Crianças menores de 2 anos: maior risco de complicações pelo VSR.
Idosos e gestantes: podem ter evolução mais grave em casos de gripe.
Atenção regional: vírus respiratórios no Norte merecem cuidado especial em famílias com bebês, idosos e pessoas vulneráveis.

Sinais de alerta não devem ser ignorados

Os vírus respiratórios no Norte podem começar como uma gripe comum, com febre, tosse, coriza, dor no corpo e cansaço. No entanto, alguns sinais indicam que é hora de procurar atendimento. Falta de ar, respiração rápida, chiado no peito, febre persistente, sonolência intensa, lábios arroxeados ou piora repentina exigem avaliação de saúde.

Em bebês, o alerta deve ser ainda maior quando há dificuldade para mamar, respiração com esforço, gemência, prostração ou redução importante da atividade. Já em idosos, confusão mental, fraqueza extrema e piora de doenças já existentes também podem indicar complicação respiratória.

Atenção imediata

Quando procurar atendimento

  • Falta de ar ou respiração muito rápida.
  • Febre persistente ou retorno da febre após melhora.
  • Chiado no peito, lábios arroxeados ou dor torácica.
  • Sonolência intensa, confusão mental ou prostração.
  • Piora rápida em crianças, idosos ou pacientes crônicos.

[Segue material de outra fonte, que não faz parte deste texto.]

(* Assume $P(X_1>0)\in(0,1)$ and $P(X_1<0)\in(0,1)$. Then $I_\delta(x)>0$ for every $x\in(\delta_\mu,\infty]$.
   Context: Let $\{X_i\}_{i\ge1}$ be i.i.d. real-valued with law $\mu$, $M_n(\theta)=\frac1n\sum_{i=1}^ne^{\theta X_i}$. For a probability $\nu$, $f_\nu(\theta)=\int e^{\theta x}\nu(dx)\in(0,\infty]$. Loynes' exponent $\delta_\mu=\sup\{\theta:f_\mu(\theta)\le1\}\in[0,\infty]$. For $f:\mathbb R\to[-\infty,\infty]$, $\mathrm{epi}(f)=\{(\theta,b):b\ge f(\theta)\}$. On $\mathbb R^2$ use the box metric $d$, $d(x,A)=\inf_{y\in A}d(x,y)$, $\overline B_k=\{x:d(0,x)\le k\}$. The Attouch–Wets topology $\tau_{AW}$ has local base at $f$ given by $V_k(f)=\{g:\sup_{x\in\overline B_k}|d(x,\mathrm{epi}(g))-d(x,\mathrm{epi}(f))|<1/k\}$. $\mathcal X_M$ = lower semicontinuous convex $f:\mathbb R\to(0,\infty]$ with $f(0)<\infty$ for which some probability $\nu$ satisfies $f(\theta)=f_\nu(\theta)$ whenever $f(\theta)<\infty$. $I_M$ is the good rate function of the LDP of $\{M_n\}$ in $(\mathcal X_M,\tau_{AW})$: $I_M(f)=-\inf_{G\ni f}\limsup_n\frac1n\log P(M_n\in G)$ over $\tau_{AW}$-open $G\ni f$. $I_\delta:[0,\infty]\to[0,\infty]$ is $I_\delta(x)=\inf_{f\in C_x}I_M(f)$, where for $x\in(0,\infty)$, $C_x=\{f\in\mathcal X_M:f(x)=1,\text{ or }f(x)<1\text{ and }f(y)=\infty\ \forall y>x\}$, $C_0=\{f\in\mathcal X_M:f(x)\ge1\ \forall x>0\}$, $C_\infty=\{f\in\mathcal X_M:f(x)\le1\ \forall x\ge0\}$; it is the rate function of the LDP of the estimators $\delta_n=\sup\{\theta:M_n(\theta)\le1\}$. *)

theory Defs
  imports "HOL-Probability.Probability"
begin

definition mgf :: "real measure \<Rightarrow> real \<Rightarrow> ereal" where
  "mgf \<nu> \<theta> = enn2ereal (\<integral>\<^sup>+ x. ennreal (exp (\<theta> * x)) \<partial>\<nu>)"

definition real_prob :: "real measure \<Rightarrow> bool" where
  "real_prob \<nu> \<longleftrightarrow> prob_space \<nu> \<and> sets \<nu> = sets borel"

definition loynes :: "real measure \<Rightarrow> ereal" where
  "loynes \<mu> = Sup {ereal \<theta> | \<theta>. mgf \<mu> \<theta> \<le> 1}"

definition epi :: "(real \<Rightarrow> ereal) \<Rightarrow> (real \<times> real) set" where
  "epi f = {(\<theta>, b). ereal b \<ge> f \<theta>}"

text \<open>Box metric on R^2 and distance to a set (infimum; +infinity for the empty set).\<close>
definition boxdist :: "real \<times> real \<Rightarrow> real \<times> real \<Rightarrow> real" where
  "boxdist p q = max \<bar>fst p - fst q\<bar> \<bar>snd p - snd q\<bar>"
(* Let $\rho$ be a density matrix on $\mathcal{H}_{m_A}\otimes\mathcal{H}_{m_B}$. The following are equivalent: (i) there exist projections $P_A:\mathcal{H}_{m_A}\to\mathcal{H}_2$ and $P_B:\mathcal{H}_{m_B}\to\mathcal{H}_2$ such that $(P_A\otimes P_B)\rho(P_A^\dagger\otimes P_B^\dagger)$ is entangled; (ii) there exists a projection $P_A:\mathcal{H}_{m_A}\to\mathcal{H}_2$ such that $\rho_{2\otimes m_B}=(P_A\otimes\mathbf{1}_B)\rho(P_A^\dagger\otimes\mathbf{1}_B)$ satisfies $\rho_{2\otimes m_B}^{PT}\not\ge0$; (iii) there exists a vector $|\phi\rangle\in\mathcal{H}_{m_A}\otimes\mathcal{H}_{m_B}$ of Schmidt rank two with $\langle\phi|\rho^{PT}|\phi\rangle<0$.
   Context: $\mathcal{H}_k$ denotes a $k$-dimensional Hilbert space. A projection $P:\mathcal{H}_m\to\mathcal{H}_2$ means a map of the form $P=|0\rangle\langle\alpha_0|+|1\rangle\langle\alpha_1|$ with $|\alpha_0\rangle,|\alpha_1\rangle$ orthonormal. A bipartite (possibly unnormalized) positive operator is entangled if it is not separable, i.e. not a nonnegative combination of products $|\alpha\rangle\langle\alpha|\otimes|\beta\rangle\langle\beta|$. $\rho^{PT}$ denotes the partial transpose on the second (Bob's) factor: $\langle ij|\rho^{PT}|kl\rangle=\langle il|\rho|kj\rangle$. A vector has Schmidt rank $k$ if its Schmidt decomposition has exactly $k$ nonzero terms. *)

theory Defs
  imports Complex_Main "HOL-Library.Numeral_Type" "HOL-Library.Complex_Order"
begin

text \<open>Operators between finite-dimensional Hilbert spaces are represented by
their matrices w.r.t. the computational bases, indexed by finite types:
an operator from the space indexed by 'y to the space indexed by 'x is a
function M :: 'x => 'y => complex with M x y = <x|M|y>.  H_2 is indexed by the type 2; a bipartite space by a pair type.\<close>

type_synonym ('x, 'y) op = "'x \<Rightarrow> 'y \<Rightarrow> complex"

definition inner_c :: "('x::finite \<Rightarrow> complex) \<Rightarrow> ('x \<Rightarrow> complex) \<Rightarrow> complex" where
  "inner_c u v = (\<Sum>x\<in>UNIV. cnj (u x) * v x)"

definition expval :: "('x::finite, 'x) op \<Rightarrow> ('x \<Rightarrow> complex) \<Rightarrow> complex" where
  "expval A v = (\<Sum>x\<in>UNIV. \<Sum>y\<in>UNIV. cnj (v x) * A x y * v y)"

definition psd :: "('x::finite, 'x) op \<Rightarrow> bool" where
  "psd A \<longleftrightarrow> (\<forall>v. 0 \<le> expval A v)"

definition trace_c :: "('x::finite, 'x) op \<Rightarrow> complex" where
  "trace_c A = (\<Sum>x\<in>UNIV. A x x)"

definition density_matrix :: "('x::finite, 'x) op \<Rightarrow> bool" where
  "density_matrix \<rho> \<longleftrightarrow> psd \<rho> \<and> trace_c \<rho> = 1"

definition orthonormal2 :: "('x::finite \<Rightarrow> complex) \<Rightarrow> ('x \<Rightarrow> complex) \<Rightarrow> bool" where
  "orthonormal2 a0 a1 \<longleftrightarrow> inner_c a0 a0 = 1 \<and> inner_c a1 a1 = 1 \<and> inner_c a0 a1 = 0"

text \<open>The projection P = |0><a0| + |1><a1| : H_m -> H_2.\<close>
definition proj2 :: "('x \<Rightarrow> complex) \<Rightarrow> ('x \<Rightarrow> complex) \<Rightarrow> (2, 'x) op" where
  "proj2 a0 a1 = (\<lambda>i x. if i = 0 then cnj (a0 x) else cnj (a1 x))"

definition is_projection :: "(2, 'x::finite) op \<Rightarrow> bool" where
  "is_projection P \<longleftrightarrow> (\<exists>a0 a1. orthonormal2 a0 a1 \<and> P = proj2 a0 a1)"

definition tensor_op :: "('x, 'y) op \<Rightarrow> ('u, 'w) op \<Rightarrow> ('x \<times> 'u, 'y \<times> 'w) op" where
  "tensor_op M N = (\<lambda>(x, u) (y, w). M x y * N u w)"

definition id_op :: "('x, 'x) op" where
  "id_op = (\<lambda>x y. if x = y then 1 else 0)"

definition sandwich :: "('x, 'y::finite) op \<Rightarrow> ('y, 'y) op \<Rightarrow> ('x, 'x) op" where
  "sandwich M \<rho> = (\<lambda>x x'. \<Sum>y\<in>UNIV. \<Sum>y'\<in>UNIV. M x y * \<rho> y y' * cnj (M x' y'))"

definition partial_transpose :: "('a \<times> 'b, 'a \<times> 'b) op \<Rightarrow> ('a \<times> 'b, 'a \<times> 'b) op" where
  "partial_transpose \<rho> = (\<lambda>(i, j) (k, l). \<rho> (i, l) (k, j))"

definition separable :: "('a \<times> 'b, 'a \<times> 'b) op \<Rightarrow> bool" where
  "separable \<rho> \<longleftrightarrow> (\<exists>(n::nat) (c::nat \<Rightarrow> real) (a::nat \<Rightarrow> 'a \<Rightarrow> complex) (b::nat \<Rightarrow> 'b \<Rightarrow> complex).
      (\<forall>t<n. 0 \<le> c t) \<and>
      \<rho> = (\<lambda>(i, k) (j, l). \<Sum>t<n. complex_of_real (c t) * a t i * cnj (a t j) * b t k * cnj (b t l)))"

definition entangled :: "('a::finite \<times> 'b::finite, 'a \<times> 'b) op \<Rightarrow> bool" where
  "entangled \<rho> \<longleftrightarrow> psd \<rho> \<and> \<not> separable \<rho>"

definition schmidt_rank :: "nat \<Rightarrow> ('a::finite \<times> 'b::finite \<Rightarrow> complex) \<Rightarrow> bool" where
  "schmidt_rank k \<phi> \<longleftrightarrow> (\<exists>(s::nat \<Rightarrow> real) (a::nat \<Rightarrow> 'a \<Rightarrow> complex) (b::nat \<Rightarrow> 'b \<Rightarrow> complex).
      (\<forall>t<k. 0 < s t) \<and>
      (\<forall>t<k. \<forall>t'<k. inner_c (a t) (a t') = (if t = t' then 1 else 0)) \<and>
      (\<forall>t<k. \<forall>t'<k. inner_c (b t) (b t') = (if t = t' then 1 else 0)) \<and>
      \<phi> = (\<lambda>(i, j). \<Sum>t<k. complex_of_real (s t) * a t i * b t j))"

end

theory Submission
  imports Defs
begin

text \<open>
  (ii) \<longleftrightarrow> (iii): the partial transpose commutes with local maps on Alice's side, so
  \<open>(P\<^sub>A \<otimes> 1) \<rho>^PT (P\<^sub>A \<otimes> 1)\<^sup>\<dagger>\<close> is the partial transpose of \<open>\<rho>_{2\<otimes>m}\<close>.
  A vector witnessing that \<open>\<rho>_{2\<otimes>m}^PT\<close> is not positive cannot be a product vector, so it has
  Schmidt rank two, and the isometry \<open>P\<^sub>A\<^sup>\<dagger>\<close> carries it to a Schmidt-rank-two witness for \<open>\<rho>^PT\<close>;
  conversely \<open>P\<^sub>A\<close> projects onto the span of Alice's Schmidt vectors of such a witness.
  (ii) \<longrightarrow> (i): projecting Bob's side onto the conjugates of Bob's Schmidt vectors of the witness keeps
  the negative expectation, so the resulting two-qubit state has a non-positive partial transpose and
  is entangled.  (i) \<longrightarrow> (ii): for two qubits a positive partial transpose implies separability.

  This two-qubit criterion is proved constructively.  If some product vector has zero expectation in a
  PPT state \<open>\<tau>\<close>, local changes of basis make \<open>\<tau>(01,01) = 0\<close>, and \<open>\<tau>\<close> splits explicitly into
  product terms; a two-dimensional kernel always contains a product vector (a quadratic equation).
  Otherwise a filter on Bob's side brings \<open>\<tau>\<close> to the form \<open>[[1, B], [B\<^sup>\<dagger>, C]]\<close>, and positivity of
  \<open>\<tau>\<close> and of \<open>\<tau>^PT\<close> says that the Schur complements \<open>C - B\<^sup>\<dagger>B\<close> and \<open>C - BB\<^sup>\<dagger>\<close> are positive.
  Removing a common positive part \<open>G\<close> of both (the separable term \<open>|1\<rangle>\<langle>1| \<otimes> G\<close>) makes one of
  them vanish, which yields a two-dimensional kernel, or both of rank one; then a suitable product vector
  can be subtracted keeping \<open>\<tau>\<close> and \<open>\<tau>^PT\<close> positive, which again leaves a two-dimensional kernel.
\<close>

section \<open>Operators, positivity and separability\<close>

definition op_mult :: "('x, 'y::finite) op \<Rightarrow> ('y, 'z) op \<Rightarrow> ('x, 'z) op" where
  "op_mult M N = (\<lambda>x z. \<Sum>y\<in>UNIV. M x y * N y z)"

Prevenção contra vírus respiratórios no Norte começa em casa

A prevenção contra vírus respiratórios no Norte passa por medidas simples. Manter a vacinação em dia, lavar as mãos, deixar ambientes ventilados, usar máscara quando houver sintomas e evitar aglomerações em períodos de maior circulação viral são atitudes que reduzem a transmissão.

Também é importante não mandar crianças gripadas para a escola ou creche, especialmente se houver febre. Em casa, copos, talheres e toalhas não devem ser compartilhados durante o período de sintomas. Quem estiver com tosse ou coriza deve cobrir boca e nariz ao tossir ou espirrar e, sempre que possível, evitar contato com pessoas vulneráveis.

Cuidados práticos

Como reduzir o risco

Vacinação: confira se a dose contra influenza está atualizada, especialmente nos grupos prioritários.
Ambiente ventilado: abra portas e janelas sempre que possível.
Isolamento responsável: com sintomas, evite contato com bebês, idosos e pessoas vulneráveis.

Para Rondônia, o caminho mais seguro é acompanhar os boletins oficiais e manter a prevenção ativa. Mesmo fora do alerta atual mais intenso, o estado está inserido na dinâmica regional de circulação de vírus respiratórios no Norte. Por isso, famílias devem observar sintomas, atualizar vacinas e buscar atendimento quando houver sinais de agravamento.

O cuidado coletivo ajuda a proteger quem tem maior risco. Em períodos de circulação de vírus respiratórios no Norte, atitudes simples podem evitar internações, reduzir complicações e preservar a saúde de crianças, idosos e pessoas vulneráveis.

Fonte da notícia: informações com base no Boletim InfoGripe/Fiocruz e na Agência Brasil.